*** Block opens ***

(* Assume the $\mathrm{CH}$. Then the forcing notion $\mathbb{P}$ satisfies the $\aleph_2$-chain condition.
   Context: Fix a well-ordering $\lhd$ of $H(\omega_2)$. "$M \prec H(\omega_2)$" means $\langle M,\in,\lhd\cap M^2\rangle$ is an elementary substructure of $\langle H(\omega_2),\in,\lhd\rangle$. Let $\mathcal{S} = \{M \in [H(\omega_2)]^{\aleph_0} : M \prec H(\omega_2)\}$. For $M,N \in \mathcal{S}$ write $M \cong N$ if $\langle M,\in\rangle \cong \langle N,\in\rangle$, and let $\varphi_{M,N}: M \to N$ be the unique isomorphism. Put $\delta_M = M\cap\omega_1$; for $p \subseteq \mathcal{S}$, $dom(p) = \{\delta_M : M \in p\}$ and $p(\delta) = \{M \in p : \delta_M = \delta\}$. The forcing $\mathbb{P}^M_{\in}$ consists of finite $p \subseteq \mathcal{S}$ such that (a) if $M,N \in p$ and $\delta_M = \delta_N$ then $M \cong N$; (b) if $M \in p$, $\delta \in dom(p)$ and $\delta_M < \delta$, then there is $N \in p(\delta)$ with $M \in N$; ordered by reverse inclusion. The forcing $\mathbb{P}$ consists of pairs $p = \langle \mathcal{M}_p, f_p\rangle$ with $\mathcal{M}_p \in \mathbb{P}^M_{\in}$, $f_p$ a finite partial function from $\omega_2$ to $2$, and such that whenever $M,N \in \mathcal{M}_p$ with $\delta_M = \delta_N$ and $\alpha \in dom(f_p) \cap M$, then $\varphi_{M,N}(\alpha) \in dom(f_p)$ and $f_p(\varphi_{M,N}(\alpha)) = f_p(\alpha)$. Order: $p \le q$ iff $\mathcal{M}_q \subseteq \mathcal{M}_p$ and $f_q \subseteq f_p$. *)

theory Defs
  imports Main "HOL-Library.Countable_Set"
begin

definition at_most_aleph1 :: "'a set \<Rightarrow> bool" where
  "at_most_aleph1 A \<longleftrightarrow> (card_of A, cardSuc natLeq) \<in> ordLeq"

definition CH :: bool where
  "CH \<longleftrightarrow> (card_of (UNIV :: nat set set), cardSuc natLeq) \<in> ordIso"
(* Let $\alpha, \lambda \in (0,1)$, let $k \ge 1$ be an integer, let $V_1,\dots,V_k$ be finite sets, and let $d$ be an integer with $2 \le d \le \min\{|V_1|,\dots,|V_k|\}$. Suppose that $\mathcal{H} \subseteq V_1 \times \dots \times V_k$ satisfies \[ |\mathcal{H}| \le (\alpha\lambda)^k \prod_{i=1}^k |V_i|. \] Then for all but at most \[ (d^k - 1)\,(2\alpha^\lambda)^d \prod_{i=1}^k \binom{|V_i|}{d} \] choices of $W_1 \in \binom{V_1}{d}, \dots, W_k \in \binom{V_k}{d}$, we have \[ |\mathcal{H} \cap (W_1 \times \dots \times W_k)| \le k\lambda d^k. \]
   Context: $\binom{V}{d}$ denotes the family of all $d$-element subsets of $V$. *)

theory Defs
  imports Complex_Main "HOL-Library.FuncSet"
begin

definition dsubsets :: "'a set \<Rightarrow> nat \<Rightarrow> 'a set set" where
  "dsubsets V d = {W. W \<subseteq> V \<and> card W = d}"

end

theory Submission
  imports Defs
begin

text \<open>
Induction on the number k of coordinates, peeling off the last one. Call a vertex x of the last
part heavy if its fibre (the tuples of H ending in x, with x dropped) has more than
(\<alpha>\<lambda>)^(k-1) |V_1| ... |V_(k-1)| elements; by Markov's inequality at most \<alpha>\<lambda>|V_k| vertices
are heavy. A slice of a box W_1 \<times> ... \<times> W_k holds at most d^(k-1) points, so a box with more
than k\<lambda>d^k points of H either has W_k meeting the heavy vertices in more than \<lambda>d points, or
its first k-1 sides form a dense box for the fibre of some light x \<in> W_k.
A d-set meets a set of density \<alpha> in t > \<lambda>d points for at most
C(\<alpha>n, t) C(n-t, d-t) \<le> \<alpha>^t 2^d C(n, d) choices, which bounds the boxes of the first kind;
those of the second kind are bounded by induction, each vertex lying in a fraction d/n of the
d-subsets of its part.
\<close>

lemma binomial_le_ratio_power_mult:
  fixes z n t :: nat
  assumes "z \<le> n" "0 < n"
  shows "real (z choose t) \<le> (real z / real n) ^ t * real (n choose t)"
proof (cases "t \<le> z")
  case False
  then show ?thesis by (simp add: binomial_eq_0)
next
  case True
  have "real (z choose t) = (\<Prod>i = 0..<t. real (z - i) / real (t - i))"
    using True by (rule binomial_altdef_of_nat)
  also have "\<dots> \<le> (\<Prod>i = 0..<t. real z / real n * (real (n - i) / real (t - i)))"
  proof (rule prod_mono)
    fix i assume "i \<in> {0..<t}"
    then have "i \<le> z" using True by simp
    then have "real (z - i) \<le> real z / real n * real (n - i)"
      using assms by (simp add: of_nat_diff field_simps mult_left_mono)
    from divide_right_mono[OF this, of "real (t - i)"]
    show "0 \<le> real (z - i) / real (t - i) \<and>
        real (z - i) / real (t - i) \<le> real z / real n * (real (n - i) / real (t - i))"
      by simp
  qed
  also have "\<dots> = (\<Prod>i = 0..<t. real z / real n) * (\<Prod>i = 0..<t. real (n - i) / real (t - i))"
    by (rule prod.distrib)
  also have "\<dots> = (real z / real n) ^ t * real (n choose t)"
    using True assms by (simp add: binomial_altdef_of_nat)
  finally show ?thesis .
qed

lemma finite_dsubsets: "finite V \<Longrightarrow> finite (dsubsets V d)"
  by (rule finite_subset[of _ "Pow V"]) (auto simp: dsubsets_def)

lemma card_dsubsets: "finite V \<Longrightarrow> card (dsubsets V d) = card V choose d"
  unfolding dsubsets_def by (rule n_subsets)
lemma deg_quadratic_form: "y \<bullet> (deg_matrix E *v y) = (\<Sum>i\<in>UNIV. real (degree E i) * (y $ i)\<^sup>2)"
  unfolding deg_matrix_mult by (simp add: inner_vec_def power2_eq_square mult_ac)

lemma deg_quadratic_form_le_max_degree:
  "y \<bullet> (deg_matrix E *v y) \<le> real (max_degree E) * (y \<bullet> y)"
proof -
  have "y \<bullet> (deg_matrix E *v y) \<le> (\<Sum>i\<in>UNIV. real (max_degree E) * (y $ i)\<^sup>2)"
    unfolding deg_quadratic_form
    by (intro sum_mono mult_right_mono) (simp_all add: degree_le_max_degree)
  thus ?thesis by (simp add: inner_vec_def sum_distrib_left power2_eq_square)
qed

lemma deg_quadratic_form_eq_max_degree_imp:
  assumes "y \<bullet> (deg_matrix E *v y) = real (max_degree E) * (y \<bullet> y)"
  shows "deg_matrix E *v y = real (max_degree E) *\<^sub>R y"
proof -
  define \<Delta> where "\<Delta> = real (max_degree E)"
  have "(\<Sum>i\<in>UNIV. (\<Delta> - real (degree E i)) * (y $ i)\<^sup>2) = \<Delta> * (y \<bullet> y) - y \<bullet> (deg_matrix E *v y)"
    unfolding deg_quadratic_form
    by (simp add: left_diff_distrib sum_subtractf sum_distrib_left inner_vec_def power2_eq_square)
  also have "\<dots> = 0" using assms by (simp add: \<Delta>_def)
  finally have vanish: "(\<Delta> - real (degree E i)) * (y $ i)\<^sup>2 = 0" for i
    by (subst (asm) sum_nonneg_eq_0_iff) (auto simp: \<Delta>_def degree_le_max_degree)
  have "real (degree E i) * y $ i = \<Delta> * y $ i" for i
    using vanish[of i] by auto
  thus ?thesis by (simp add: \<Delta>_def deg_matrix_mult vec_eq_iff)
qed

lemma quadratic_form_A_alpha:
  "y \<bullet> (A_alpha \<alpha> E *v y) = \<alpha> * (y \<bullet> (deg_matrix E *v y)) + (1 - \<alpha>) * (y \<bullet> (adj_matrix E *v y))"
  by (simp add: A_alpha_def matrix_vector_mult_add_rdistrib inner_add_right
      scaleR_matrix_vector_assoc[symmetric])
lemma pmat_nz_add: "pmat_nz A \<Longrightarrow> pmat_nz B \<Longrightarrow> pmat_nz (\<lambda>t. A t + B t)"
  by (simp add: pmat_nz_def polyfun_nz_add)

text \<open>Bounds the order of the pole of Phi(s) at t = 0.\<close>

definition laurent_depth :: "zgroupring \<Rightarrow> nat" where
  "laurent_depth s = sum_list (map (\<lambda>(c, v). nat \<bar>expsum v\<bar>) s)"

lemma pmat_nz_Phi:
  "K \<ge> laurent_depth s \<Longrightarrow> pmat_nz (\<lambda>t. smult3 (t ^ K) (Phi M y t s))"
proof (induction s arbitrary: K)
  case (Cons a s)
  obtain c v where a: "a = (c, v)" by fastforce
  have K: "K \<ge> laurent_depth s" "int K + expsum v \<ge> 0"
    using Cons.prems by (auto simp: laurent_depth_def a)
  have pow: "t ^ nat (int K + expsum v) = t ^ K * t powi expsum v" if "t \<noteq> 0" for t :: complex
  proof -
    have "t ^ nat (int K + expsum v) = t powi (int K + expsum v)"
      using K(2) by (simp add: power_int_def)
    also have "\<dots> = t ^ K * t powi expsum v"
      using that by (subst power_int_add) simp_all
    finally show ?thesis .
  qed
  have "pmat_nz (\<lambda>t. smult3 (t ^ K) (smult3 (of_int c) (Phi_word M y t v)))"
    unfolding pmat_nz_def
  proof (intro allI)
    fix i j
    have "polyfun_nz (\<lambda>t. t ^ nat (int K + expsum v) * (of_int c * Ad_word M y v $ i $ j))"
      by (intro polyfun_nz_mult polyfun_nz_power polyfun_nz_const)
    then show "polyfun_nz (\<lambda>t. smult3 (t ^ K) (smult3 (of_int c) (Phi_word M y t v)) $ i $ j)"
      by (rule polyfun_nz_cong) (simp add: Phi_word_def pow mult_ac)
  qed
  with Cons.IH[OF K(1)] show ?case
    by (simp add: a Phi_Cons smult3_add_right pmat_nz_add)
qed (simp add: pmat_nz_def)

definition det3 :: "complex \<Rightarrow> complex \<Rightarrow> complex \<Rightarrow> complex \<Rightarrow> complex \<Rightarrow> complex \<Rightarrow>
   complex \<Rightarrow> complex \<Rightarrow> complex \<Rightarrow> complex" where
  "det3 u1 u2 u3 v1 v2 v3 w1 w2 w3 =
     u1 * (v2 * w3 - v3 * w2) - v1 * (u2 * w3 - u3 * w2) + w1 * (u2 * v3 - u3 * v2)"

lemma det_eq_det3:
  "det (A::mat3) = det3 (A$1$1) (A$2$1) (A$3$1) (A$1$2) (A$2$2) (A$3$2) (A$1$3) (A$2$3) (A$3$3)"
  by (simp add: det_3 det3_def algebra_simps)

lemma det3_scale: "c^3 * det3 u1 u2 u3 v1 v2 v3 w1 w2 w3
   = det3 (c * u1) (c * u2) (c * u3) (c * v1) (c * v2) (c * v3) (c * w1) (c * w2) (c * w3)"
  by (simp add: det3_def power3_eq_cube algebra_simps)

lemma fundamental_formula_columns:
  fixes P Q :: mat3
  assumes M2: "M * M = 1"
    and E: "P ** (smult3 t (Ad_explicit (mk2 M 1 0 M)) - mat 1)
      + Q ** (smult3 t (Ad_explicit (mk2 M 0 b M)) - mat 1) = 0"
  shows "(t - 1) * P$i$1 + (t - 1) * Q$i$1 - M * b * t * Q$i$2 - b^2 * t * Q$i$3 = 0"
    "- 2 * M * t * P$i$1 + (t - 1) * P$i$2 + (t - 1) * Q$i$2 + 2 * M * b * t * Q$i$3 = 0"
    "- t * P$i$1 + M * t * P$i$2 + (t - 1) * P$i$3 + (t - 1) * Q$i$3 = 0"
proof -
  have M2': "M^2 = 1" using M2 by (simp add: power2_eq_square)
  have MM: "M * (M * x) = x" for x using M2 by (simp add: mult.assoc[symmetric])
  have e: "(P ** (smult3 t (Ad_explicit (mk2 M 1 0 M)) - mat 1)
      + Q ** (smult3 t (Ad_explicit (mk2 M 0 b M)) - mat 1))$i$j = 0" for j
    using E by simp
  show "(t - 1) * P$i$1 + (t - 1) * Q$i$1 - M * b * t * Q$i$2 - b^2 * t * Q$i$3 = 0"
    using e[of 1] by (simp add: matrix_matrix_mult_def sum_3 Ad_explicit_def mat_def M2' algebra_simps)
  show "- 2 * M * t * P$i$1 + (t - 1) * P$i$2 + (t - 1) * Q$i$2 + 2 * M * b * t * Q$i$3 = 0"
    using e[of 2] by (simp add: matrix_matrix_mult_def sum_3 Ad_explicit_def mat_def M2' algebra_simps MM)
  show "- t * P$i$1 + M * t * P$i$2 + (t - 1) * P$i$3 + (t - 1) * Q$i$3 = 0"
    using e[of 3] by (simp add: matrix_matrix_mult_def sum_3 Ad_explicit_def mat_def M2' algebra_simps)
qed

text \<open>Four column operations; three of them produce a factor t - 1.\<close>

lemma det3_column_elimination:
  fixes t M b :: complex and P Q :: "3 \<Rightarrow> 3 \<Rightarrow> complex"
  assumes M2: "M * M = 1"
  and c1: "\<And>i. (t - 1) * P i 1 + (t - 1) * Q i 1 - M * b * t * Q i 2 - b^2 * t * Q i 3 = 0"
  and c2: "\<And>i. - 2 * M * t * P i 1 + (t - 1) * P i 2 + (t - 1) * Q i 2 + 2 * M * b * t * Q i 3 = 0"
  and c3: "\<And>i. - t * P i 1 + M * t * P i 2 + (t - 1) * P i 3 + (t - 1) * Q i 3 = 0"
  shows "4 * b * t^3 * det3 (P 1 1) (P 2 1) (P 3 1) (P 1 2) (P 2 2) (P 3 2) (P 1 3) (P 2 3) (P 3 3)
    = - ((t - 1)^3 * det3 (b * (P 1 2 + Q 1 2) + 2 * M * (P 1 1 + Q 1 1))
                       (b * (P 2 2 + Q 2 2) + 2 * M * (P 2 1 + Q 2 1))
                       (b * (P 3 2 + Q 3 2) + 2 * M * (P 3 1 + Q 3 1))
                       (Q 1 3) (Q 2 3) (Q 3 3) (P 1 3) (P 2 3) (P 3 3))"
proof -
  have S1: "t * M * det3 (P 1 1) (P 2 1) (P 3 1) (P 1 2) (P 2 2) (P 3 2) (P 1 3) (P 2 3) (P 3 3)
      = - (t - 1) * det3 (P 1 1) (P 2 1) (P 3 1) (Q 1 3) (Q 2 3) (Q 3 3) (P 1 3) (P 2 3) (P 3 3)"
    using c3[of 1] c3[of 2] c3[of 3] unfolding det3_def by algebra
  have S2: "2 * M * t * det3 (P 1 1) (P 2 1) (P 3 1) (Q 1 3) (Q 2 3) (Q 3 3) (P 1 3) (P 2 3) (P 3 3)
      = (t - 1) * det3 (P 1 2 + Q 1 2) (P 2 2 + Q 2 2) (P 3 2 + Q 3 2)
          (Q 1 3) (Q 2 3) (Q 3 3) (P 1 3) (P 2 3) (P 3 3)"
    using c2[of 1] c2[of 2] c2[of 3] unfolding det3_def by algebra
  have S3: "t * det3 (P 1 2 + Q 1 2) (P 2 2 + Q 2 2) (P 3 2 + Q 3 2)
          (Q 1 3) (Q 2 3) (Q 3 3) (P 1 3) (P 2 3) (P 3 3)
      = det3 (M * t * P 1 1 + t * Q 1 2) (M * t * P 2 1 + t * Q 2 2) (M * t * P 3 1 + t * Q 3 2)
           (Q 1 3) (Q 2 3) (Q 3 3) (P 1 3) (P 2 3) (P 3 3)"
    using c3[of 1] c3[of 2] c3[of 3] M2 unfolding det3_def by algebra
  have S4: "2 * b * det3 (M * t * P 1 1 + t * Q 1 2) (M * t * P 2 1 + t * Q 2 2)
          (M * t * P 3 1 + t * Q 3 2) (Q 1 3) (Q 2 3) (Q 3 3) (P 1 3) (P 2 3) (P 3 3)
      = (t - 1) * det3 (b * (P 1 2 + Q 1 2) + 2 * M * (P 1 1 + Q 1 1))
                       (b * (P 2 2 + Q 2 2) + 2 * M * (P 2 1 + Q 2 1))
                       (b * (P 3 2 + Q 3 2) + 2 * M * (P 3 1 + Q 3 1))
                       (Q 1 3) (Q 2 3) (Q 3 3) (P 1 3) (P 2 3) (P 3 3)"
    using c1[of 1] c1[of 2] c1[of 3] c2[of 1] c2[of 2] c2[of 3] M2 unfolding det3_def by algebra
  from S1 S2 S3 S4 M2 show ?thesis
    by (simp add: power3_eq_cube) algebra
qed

*** Block closes ***

Problem description: Filter on the word "imports": copy each matching line from the entries above.

Exercise response:
  imports Main "HOL-Library.Countable_Set"
  imports Complex_Main "HOL-Library.FuncSet"
  imports Defs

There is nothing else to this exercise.